Where the records below show a line containing "Max (insert (m", start copying; end with the line containing "if \<open>Y\<^sub>i\<close> is", and copy it too.

| Records for this exercise |
┌──

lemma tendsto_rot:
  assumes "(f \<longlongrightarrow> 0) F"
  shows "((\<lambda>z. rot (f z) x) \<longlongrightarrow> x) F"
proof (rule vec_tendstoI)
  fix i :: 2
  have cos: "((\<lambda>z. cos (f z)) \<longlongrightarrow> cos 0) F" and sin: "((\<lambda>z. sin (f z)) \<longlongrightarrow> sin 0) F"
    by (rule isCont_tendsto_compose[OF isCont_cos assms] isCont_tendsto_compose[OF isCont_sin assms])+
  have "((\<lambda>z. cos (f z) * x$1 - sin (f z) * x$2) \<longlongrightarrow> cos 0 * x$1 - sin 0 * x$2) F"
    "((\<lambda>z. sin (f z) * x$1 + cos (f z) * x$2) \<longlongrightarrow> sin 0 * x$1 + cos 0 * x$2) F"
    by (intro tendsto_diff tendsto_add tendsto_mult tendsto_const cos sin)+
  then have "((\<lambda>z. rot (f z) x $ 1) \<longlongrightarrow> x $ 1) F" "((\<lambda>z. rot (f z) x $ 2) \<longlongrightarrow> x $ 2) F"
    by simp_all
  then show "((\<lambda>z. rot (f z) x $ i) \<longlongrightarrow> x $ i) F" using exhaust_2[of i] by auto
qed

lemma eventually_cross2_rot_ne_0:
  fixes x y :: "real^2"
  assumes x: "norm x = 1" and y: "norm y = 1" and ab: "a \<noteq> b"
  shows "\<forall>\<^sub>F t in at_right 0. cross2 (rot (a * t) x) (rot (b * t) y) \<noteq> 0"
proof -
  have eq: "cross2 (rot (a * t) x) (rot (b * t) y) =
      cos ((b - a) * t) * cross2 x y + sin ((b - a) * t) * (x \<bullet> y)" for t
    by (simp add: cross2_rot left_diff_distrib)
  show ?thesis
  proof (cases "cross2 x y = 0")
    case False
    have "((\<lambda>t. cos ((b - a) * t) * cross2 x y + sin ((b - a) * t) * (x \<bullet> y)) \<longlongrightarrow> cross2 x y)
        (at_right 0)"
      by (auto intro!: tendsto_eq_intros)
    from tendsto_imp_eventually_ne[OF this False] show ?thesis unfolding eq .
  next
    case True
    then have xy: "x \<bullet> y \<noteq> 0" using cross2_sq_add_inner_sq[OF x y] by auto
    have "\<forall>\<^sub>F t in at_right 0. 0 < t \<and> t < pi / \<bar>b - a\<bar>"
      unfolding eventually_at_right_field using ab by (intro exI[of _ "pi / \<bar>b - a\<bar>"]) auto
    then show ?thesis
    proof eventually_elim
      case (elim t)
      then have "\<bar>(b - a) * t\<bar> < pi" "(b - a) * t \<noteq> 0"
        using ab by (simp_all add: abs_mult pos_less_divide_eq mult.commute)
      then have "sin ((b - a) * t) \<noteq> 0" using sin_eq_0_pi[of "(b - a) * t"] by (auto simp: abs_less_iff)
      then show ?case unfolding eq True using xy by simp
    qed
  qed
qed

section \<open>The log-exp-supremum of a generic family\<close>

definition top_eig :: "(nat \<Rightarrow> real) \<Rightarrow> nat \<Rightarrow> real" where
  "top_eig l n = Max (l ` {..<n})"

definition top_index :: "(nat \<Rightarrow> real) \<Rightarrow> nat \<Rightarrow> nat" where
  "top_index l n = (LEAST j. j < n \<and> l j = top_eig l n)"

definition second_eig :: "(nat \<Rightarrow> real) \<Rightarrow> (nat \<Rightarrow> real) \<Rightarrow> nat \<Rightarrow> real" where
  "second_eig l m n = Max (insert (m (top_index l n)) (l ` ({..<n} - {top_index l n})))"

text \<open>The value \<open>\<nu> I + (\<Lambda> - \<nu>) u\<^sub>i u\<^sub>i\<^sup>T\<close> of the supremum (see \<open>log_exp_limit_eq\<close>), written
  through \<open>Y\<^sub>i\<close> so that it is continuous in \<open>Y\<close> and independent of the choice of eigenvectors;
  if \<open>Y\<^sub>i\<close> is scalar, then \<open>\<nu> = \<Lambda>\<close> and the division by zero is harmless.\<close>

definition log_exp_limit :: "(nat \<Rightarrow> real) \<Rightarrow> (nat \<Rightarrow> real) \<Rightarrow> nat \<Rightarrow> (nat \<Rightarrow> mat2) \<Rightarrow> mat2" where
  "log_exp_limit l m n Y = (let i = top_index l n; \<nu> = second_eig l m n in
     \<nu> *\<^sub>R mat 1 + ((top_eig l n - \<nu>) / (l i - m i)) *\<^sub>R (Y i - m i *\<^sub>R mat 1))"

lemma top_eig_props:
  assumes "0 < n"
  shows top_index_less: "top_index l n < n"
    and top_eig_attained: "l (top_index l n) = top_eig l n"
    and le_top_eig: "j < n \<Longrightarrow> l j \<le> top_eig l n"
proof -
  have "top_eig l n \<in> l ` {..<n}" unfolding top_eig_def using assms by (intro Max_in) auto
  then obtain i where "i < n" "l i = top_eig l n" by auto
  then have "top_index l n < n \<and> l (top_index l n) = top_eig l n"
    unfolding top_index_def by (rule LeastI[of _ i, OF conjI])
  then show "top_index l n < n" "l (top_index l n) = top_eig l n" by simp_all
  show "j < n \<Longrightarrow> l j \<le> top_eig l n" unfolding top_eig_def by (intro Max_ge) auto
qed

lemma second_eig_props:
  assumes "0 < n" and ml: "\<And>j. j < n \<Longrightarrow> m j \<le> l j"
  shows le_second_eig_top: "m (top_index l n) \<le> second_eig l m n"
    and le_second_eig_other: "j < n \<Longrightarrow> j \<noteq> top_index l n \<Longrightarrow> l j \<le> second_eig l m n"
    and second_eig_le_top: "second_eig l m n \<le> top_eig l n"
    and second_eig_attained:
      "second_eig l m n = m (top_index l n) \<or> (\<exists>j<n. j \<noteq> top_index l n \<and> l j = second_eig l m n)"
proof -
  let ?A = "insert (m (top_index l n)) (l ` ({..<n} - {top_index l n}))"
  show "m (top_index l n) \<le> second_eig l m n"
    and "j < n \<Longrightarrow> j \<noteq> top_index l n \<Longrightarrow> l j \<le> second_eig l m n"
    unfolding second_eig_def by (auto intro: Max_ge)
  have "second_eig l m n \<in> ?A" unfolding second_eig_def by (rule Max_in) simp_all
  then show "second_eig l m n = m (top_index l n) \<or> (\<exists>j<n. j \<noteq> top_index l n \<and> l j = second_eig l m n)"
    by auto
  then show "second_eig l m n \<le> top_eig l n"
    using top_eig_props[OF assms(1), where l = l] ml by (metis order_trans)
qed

└──

| Output below |
  "second_eig l m n = Max (insert (m (top_index l n)) (l ` ({..<n} - {top_index l n})))"

text \<open>The value \<open>\<nu> I + (\<Lambda> - \<nu>) u\<^sub>i u\<^sub>i\<^sup>T\<close> of the supremum (see \<open>log_exp_limit_eq\<close>), written
  through \<open>Y\<^sub>i\<close> so that it is continuous in \<open>Y\<close> and independent of the choice of eigenvectors;
  if \<open>Y\<^sub>i\<close> is scalar, then \<open>\<nu> = \<Lambda>\<close> and the division by zero is harmless.\<close>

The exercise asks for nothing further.